Board Composition and Functions
Under the company’s Constitution, the Board must have a minimum of three and a maximum of twelve Directors. One third of the Directors, with the exception of the Managing Director, must retire at the Annual General Meeting each year and may seek re-election. Additionally, any new Director, with the exception of the Managing Director, appointed by the Board must retire and may seek re-election in the year of appointment. The Board believes that its composition represents an appropriate balance of executive and non-executive Directors to achieve the promotion of shareholder interests and governance of the business effectively.
The Board's responsibilities and duties include the following:
- Appointing the Chief Executive Officer;
- Determining the strategic direction of the Group as an outcome of executive management recommendations and measuring performance against approved strategies;
- Adopting operating budgets at the commencement of each financial year and monitoring progress on a regular basis against budget by both financial and non-financial key performance indicators;
- Monitoring and overseeing the Group's financial position and risk management priorities;
- Evaluating the performance of the Chief Executive Officer and determining remuneration;
- Determining that satisfactory arrangements are in place for auditing the Group's financial affairs;
- Ensuring, where reasonable and appropriate, that policies and compliance systems consistent with the Group's objectives and industry best practice are in place, providing the necessary framework for the Group and its Officers to act legally, ethically and responsibly on all matters; and
- Ensuring a reasonable view from all relevant stakeholders is taken into account.

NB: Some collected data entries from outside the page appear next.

(* For $h,r>0$ with $\frac hr\le\omega$, let $\Pi(h,r)>0$ be the largest positive solution of $\Pi\cosh\frac h\Pi=r$. Then $$\sup\left\{\sinh\frac{h}{\Pi(h,r)}:\ h,r>0,\ \frac hr\le\omega\right\}<z_0,$$ where $z_0=\sqrt{\tfrac12(\sqrt5-1)}$.
   Context: Let $\Xi$ be the unique positive solution of $\xi\tanh\frac1\xi+\mathrm{sech}^2\frac1\xi=\xi$, and $\omega=\frac{1}{\Xi\cosh(1/\Xi)}$ (numerically $0.52<\omega<0.53$). *)

theory Defs
  imports Complex_Main
begin

definition Xi :: real where
  "Xi = (THE \<xi>. \<xi> > 0 \<and> \<xi> * tanh (1/\<xi>) + 1 / (cosh (1/\<xi>))^2 = \<xi>)"

definition omega :: real where
  "omega = 1 / (Xi * cosh (1 / Xi))"

definition Pi_hr :: "real \<Rightarrow> real \<Rightarrow> real" where
  "Pi_hr h r = (GREATEST p. p > 0 \<and> p * cosh (h / p) = r)"

definition z0 :: real where
  "z0 = sqrt ((sqrt 5 - 1) / 2)"

end

theory Submission
  imports Defs
begin

text \<open>With \<open>s = 1/\<Xi>\<close> the defining equation of \<open>\<Xi>\<close> becomes \<open>exp (-2s) = 2s - 1\<close>, whose root lies in
  \<open>(5/8, 1)\<close>, and \<open>\<omega> = s / cosh s\<close>. Putting \<open>t = h/\<Pi>\<close>, the equation \<open>\<Pi> cosh (h/\<Pi>) = r\<close> reads
  \<open>cosh t / t = r/h \<ge> cosh s / s\<close>; since \<open>cosh t / t\<close> decreases on \<open>(0, 1]\<close>, the largest \<open>\<Pi>\<close>
  corresponds to a \<open>t \<le> s\<close>. Hence \<open>sinh (h/\<Pi>) \<le> sinh s\<close>, and at the root
  \<open>sinh\<^sup>2 s = (1 - s)\<^sup>2 / (2s - 1) \<le> 9/16 < z\<^sub>0\<^sup>2\<close>.\<close>

lemma Xi_equation_iff:
  fixes x :: real
  assumes "x > 0"
  shows "x * tanh (1/x) + 1 / (cosh (1/x))^2 = x \<longleftrightarrow> exp (-2/x) = 2/x - 1"
proof -
  define s where "s = 1/x"
  have s: "s > 0" "cosh s > 0" using assms by (simp_all add: s_def cosh_real_pos)
  have "(1/s) * tanh s + 1 / (cosh s)^2 = 1/s \<longleftrightarrow> sinh s * cosh s + s = (cosh s)^2"
    using s by (auto simp: tanh_def field_simps power2_eq_square)
      (metis distrib_left mult_left_cancel less_irrefl)+
  also have "\<dots> \<longleftrightarrow> s = cosh s * (cosh s - sinh s)"
    by (auto simp: algebra_simps power2_eq_square)
  also have "cosh s * (cosh s - sinh s) = (1 + exp (-2*s)) / 2"
    unfolding cosh_def sinh_def by (simp add: field_simps power2_eq_square flip: exp_add)
  finally have "(1/s) * tanh s + 1 / (cosh s)^2 = 1/s \<longleftrightarrow> exp (-2*s) = 2*s - 1"
    by auto
  moreover have "x = 1/s" using assms by (simp add: s_def)
  ultimately show ?thesis by simp
qed

lemma exp_neg_two_root_unique:
  fixes a b :: real
  assumes "exp (-2*a) = 2*a - 1" "exp (-2*b) = 2*b - 1"
  shows "a = b"
  using assms by (smt (verit) exp_less_cancel_iff)

lemma exp_neg_two_root_exists: "\<exists>s::real. 0 < s \<and> exp (-2*s) = 2*s - 1"
proof -
  have "continuous_on {0..1} (\<lambda>s::real. 2*s - 1 - exp (-2*s))"
    by (intro continuous_intros)
  then obtain s :: real where s: "0 \<le> s" "exp (-2*s) = 2*s - 1"
    using IVT'[of "\<lambda>s::real. 2*s - 1 - exp (-2*s)" 0 0 1] by auto
  moreover from s have "s \<noteq> 0" by auto
  ultimately show ?thesis by (intro exI[of _ s]) auto
qed

lemma exp_five_fourths_less_4: "exp (5/4::real) < 4"
proof -
  have "27/32 \<le> exp (-(5/32)::real)" using exp_ge_add_one_self[of "-(5/32)::real"] by simp
  hence a: "exp (5/32::real) \<le> 32/27" by (simp add: exp_minus field_simps)
  have "exp (5/4::real) = exp (5/32) ^ 8" by (simp flip: exp_of_nat_mult)
  also have "\<dots> \<le> (32/27) ^ 8" by (rule power_mono[OF a]) simp
  also have "\<dots> < 4" by (simp add: power_divide)
  finally show ?thesis .
qed

lemma exp_neg_two_root_bounds:
  fixes s :: real
  assumes "exp (-2*s) = 2*s - 1"
  shows "5/8 < s" "s < 1"
proof -
  show "5/8 < s"
  proof (rule ccontr)
    assume "\<not> 5/8 < s"
    hence "exp (-(5/4)) \<le> exp (-2*s)" by simp
    moreover have "1/4 < exp (-(5/4::real))"
      using exp_five_fourths_less_4 by (simp add: exp_minus field_simps)
    ultimately show False using assms \<open>\<not> 5/8 < s\<close> by linarith
  qed
  show "s < 1"
  proof (rule ccontr)
    assume "\<not> s < 1"
    hence "exp (-2*s) \<le> exp (-2)" by simp
    moreover have "exp (-2::real) < 1" by simp
    ultimately show False using assms \<open>\<not> s < 1\<close> by linarith
  qed
qed

lemma sinh_sq_at_exp_neg_two_root:
  fixes s :: real
  assumes "exp (-2*s) = 2*s - 1"
  shows "(sinh s)^2 = (1 - s)^2 / (2*s - 1)"
proof -
  define u where "u = exp (-s)"
  have u: "u > 0" "exp s = 1/u" unfolding u_def by (simp_all add: exp_minus inverse_eq_divide)
  have u2: "u^2 = 2*s - 1"
    using assms unfolding u_def by (simp add: power2_eq_square flip: exp_add)
  have "sinh s = (1 - u^2) / (2*u)"
    using u unfolding sinh_def u_def by (simp add: field_simps power2_eq_square)
  also have "\<dots> = (1 - s) / u" using u by (simp add: u2 field_simps)
  finally show ?thesis using u2 by (simp add: power_divide)
qed

lemma Xi_pos_root: "Xi > 0 \<and> exp (-2 / Xi) = 2 / Xi - 1"
proof -
  obtain s :: real where s: "0 < s" "exp (-2*s) = 2*s - 1" using exp_neg_two_root_exists by blast
  have "\<exists>!x::real. x > 0 \<and> x * tanh (1/x) + 1 / (cosh (1/x))^2 = x"
  proof (rule ex1I)
    show "1/s > 0 \<and> (1/s) * tanh (1/(1/s)) + 1 / (cosh (1/(1/s)))^2 = 1/s"
      using s Xi_equation_iff[of "1/s"] by simp
  next
    fix x :: real assume "x > 0 \<and> x * tanh (1/x) + 1 / (cosh (1/x))^2 = x"
    hence "1/x = s" using Xi_equation_iff s exp_neg_two_root_unique[of "1/x" s] by auto
    thus "x = 1/s" by auto
  qed
  hence "Xi > 0 \<and> Xi * tanh (1/Xi) + 1 / (cosh (1/Xi))^2 = Xi"
    unfolding Xi_def by (rule theI')
  thus ?thesis using Xi_equation_iff by blast
qed

lemma inverse_Xi_bounds: "5/8 < 1/Xi" "1/Xi < 1"
  using exp_neg_two_root_bounds[of "1/Xi"] Xi_pos_root by auto

lemma omega_eq: "omega = (1/Xi) / cosh (1/Xi)"
  unfolding omega_def by (simp add: field_simps)

lemma cosh_div_strict_antimono:
  fixes x y :: real
  assumes "0 < x" "x < y" "y \<le> 1"
  shows "cosh y / y < cosh x / x"
proof (rule DERIV_neg_imp_decreasing[OF assms(2)])
  fix t :: real assume "x \<le> t" "t \<le> y"
  hence t: "0 < t" "t \<le> 1" using assms by auto
  have "DERIV (\<lambda>t. cosh t / t) t :> (sinh t * t - cosh t * 1) / (t * t)"
    using t by (auto intro!: derivative_eq_intros)
  moreover have "sinh t * t \<le> sinh t" using t by (simp add: mult_left_le)
  hence "sinh t * t - cosh t < 0" using sinh_less_cosh_real[of t] by simp
  ultimately show "\<exists>d. DERIV (\<lambda>t. cosh t / t) t :> d \<and> d < 0"
    using t by (auto simp: divide_neg_pos)
qed

lemma cosh_div_eq_exists:
  fixes s c :: real
  assumes "0 < s" "cosh s / s \<le> c"
  shows "\<exists>t. 0 < t \<and> t \<le> s \<and> cosh t / t = c"
proof -
  have c: "c > 0" using assms cosh_real_pos[of s] by (smt (verit) divide_pos_pos)
  define a where "a = min s (1/c)"
  have a: "0 < a" "a \<le> s" unfolding a_def using assms c by auto
  have "c \<le> 1/a" unfolding a_def using c assms by (auto simp: min_def field_simps)
  also have "\<dots> \<le> cosh a / a" using a by (intro divide_right_mono) (auto simp: cosh_real_ge_1)
  finally have "c \<le> cosh a / a" .
  moreover have "continuous_on {a..s} (\<lambda>t. cosh t / t)" using a by (intro continuous_intros) auto
  ultimately obtain t where "a \<le> t" "t \<le> s" "cosh t / t = c"
    using IVT2'[of "\<lambda>t. cosh t / t" s c a] assms a by auto
  thus ?thesis using a by (intro exI[of _ t]) auto
qed

text \<open>The solution \<open>p = h/t\<close> with \<open>t \<le> 1\<close> is the largest one: a larger \<open>p\<close> would give a second
  solution \<open>h/p < t\<close> of \<open>cosh t / t = r/h\<close> on the interval where this function is injective.\<close>

lemma Pi_hr_eqI:
  fixes h r t :: real
  assumes h: "h > 0" and t: "0 < t" "t \<le> 1" and eq: "cosh t / t = r / h"
  shows "Pi_hr h r = h / t"
  unfolding Pi_hr_def
proof (rule Greatest_equality)
  show "h / t > 0 \<and> h / t * cosh (h / (h / t)) = r"
    using h t eq by (auto simp: field_simps)
next
  fix p assume p: "p > 0 \<and> p * cosh (h / p) = r"
  have "cosh (h / p) / (h / p) = r / h" using p h by (auto simp: field_simps)
  hence "\<not> h / p < t" using cosh_div_strict_antimono[of "h / p" t] p h t eq by auto
  thus "p \<le> h / t" using p h t by (simp add: field_simps)
qed

lemma h_div_Pi_hr_le:
  fixes h r :: real
  assumes "h > 0" "r > 0" "h / r \<le> omega"
  shows "h / Pi_hr h r \<le> 1/Xi"
proof -
  have "cosh (1/Xi) / (1/Xi) \<le> r / h"
    using assms cosh_real_pos[of "1/Xi"] Xi_pos_root unfolding omega_eq
    by (simp add: field_simps)
  then obtain t where t: "0 < t" "t \<le> 1/Xi" "cosh t / t = r / h"
    using cosh_div_eq_exists[of "1/Xi" "r/h"] Xi_pos_root by auto
  hence "Pi_hr h r = h / t" using Pi_hr_eqI assms inverse_Xi_bounds by force
  thus ?thesis using t assms by simp
qed

lemma sinh_inverse_Xi_less_z0: "sinh (1/Xi) < z0"
proof -
  have "(sinh (1/Xi))^2 = (1 - 1/Xi)^2 / (2/Xi - 1)"
    using sinh_sq_at_exp_neg_two_root[of "1/Xi"] Xi_pos_root by simp
  also have "\<dots> \<le> (3/8)^2 / (1/4)"
    using inverse_Xi_bounds by (intro frac_le power_mono) auto
  also have "\<dots> < (sqrt 5 - 1) / 2"
    using real_less_rsqrt[of "17/8" 5] by (simp add: power2_eq_square)
  finally show ?thesis unfolding z0_def by (rule real_less_rsqrt)
qed

theorem lemma4p2:
  shows "bdd_above {sinh (h / Pi_hr h r) | h r. h > 0 \<and> r > 0 \<and> h / r \<le> omega}
    \<and> Sup {sinh (h / Pi_hr h r) | h r. h > 0 \<and> r > 0 \<and> h / r \<le> omega} < z0"
proof -
  let ?S = "{sinh (h / Pi_hr h r) | h r. h > 0 \<and> r > 0 \<and> h / r \<le> omega}"
  have ub: "\<forall>x\<in>?S. x \<le> sinh (1/Xi)" using h_div_Pi_hr_le by auto
  have "omega > 0" unfolding omega_def using Xi_pos_root by (simp add: cosh_real_pos)
  hence "sinh (omega / Pi_hr omega 1) \<in> ?S" by force
  hence "Sup ?S \<le> sinh (1/Xi)" using ub by (intro cSup_least) auto
  moreover have "bdd_above ?S" using ub by (intro bdd_aboveI[of _ "sinh (1/Xi)"]) auto
  ultimately show ?thesis using sinh_inverse_Xi_less_z0 by linarith
qed

end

The Board of the Group currently consists of ten Non-Executive Directors and one Executive Director. The Chairman is a Non-Executive Director and six of the ten Non-Executive Directors are considered to be independent. Regardless, all Directors are required to bring independent judgment to bear in their board decision making. The Group maintains a mix of Directors on the Board from different backgrounds with complementary skills and experience. The Chairman is elected by the full Board.
The Group has adopted guidelines for testing the independence of Directors. A Director is considered to be independent if they satisfy certain criteria, the most significant being as follows:
- The Director must be in a non-executive role and any fees that may be paid by the Group for services provided must not be of an amount that could make the Director reliant on such remuneration. The Director must have no other material contractual relationship with the Group other than as a Director of the Group;
- The Director is not a substantial shareholder of the Company being defined in the Corporations Act as holding more than 5% of the voting shares of the company;
- The Director has not been employed in an executive capacity by the Group and has not been a principal of a material adviser or consultant to the Group within the last three years (other than noted below); and
- The Director is free from any interest which could reasonably be perceived to materially interfere with the Director's ability to act in the best interests of the Group.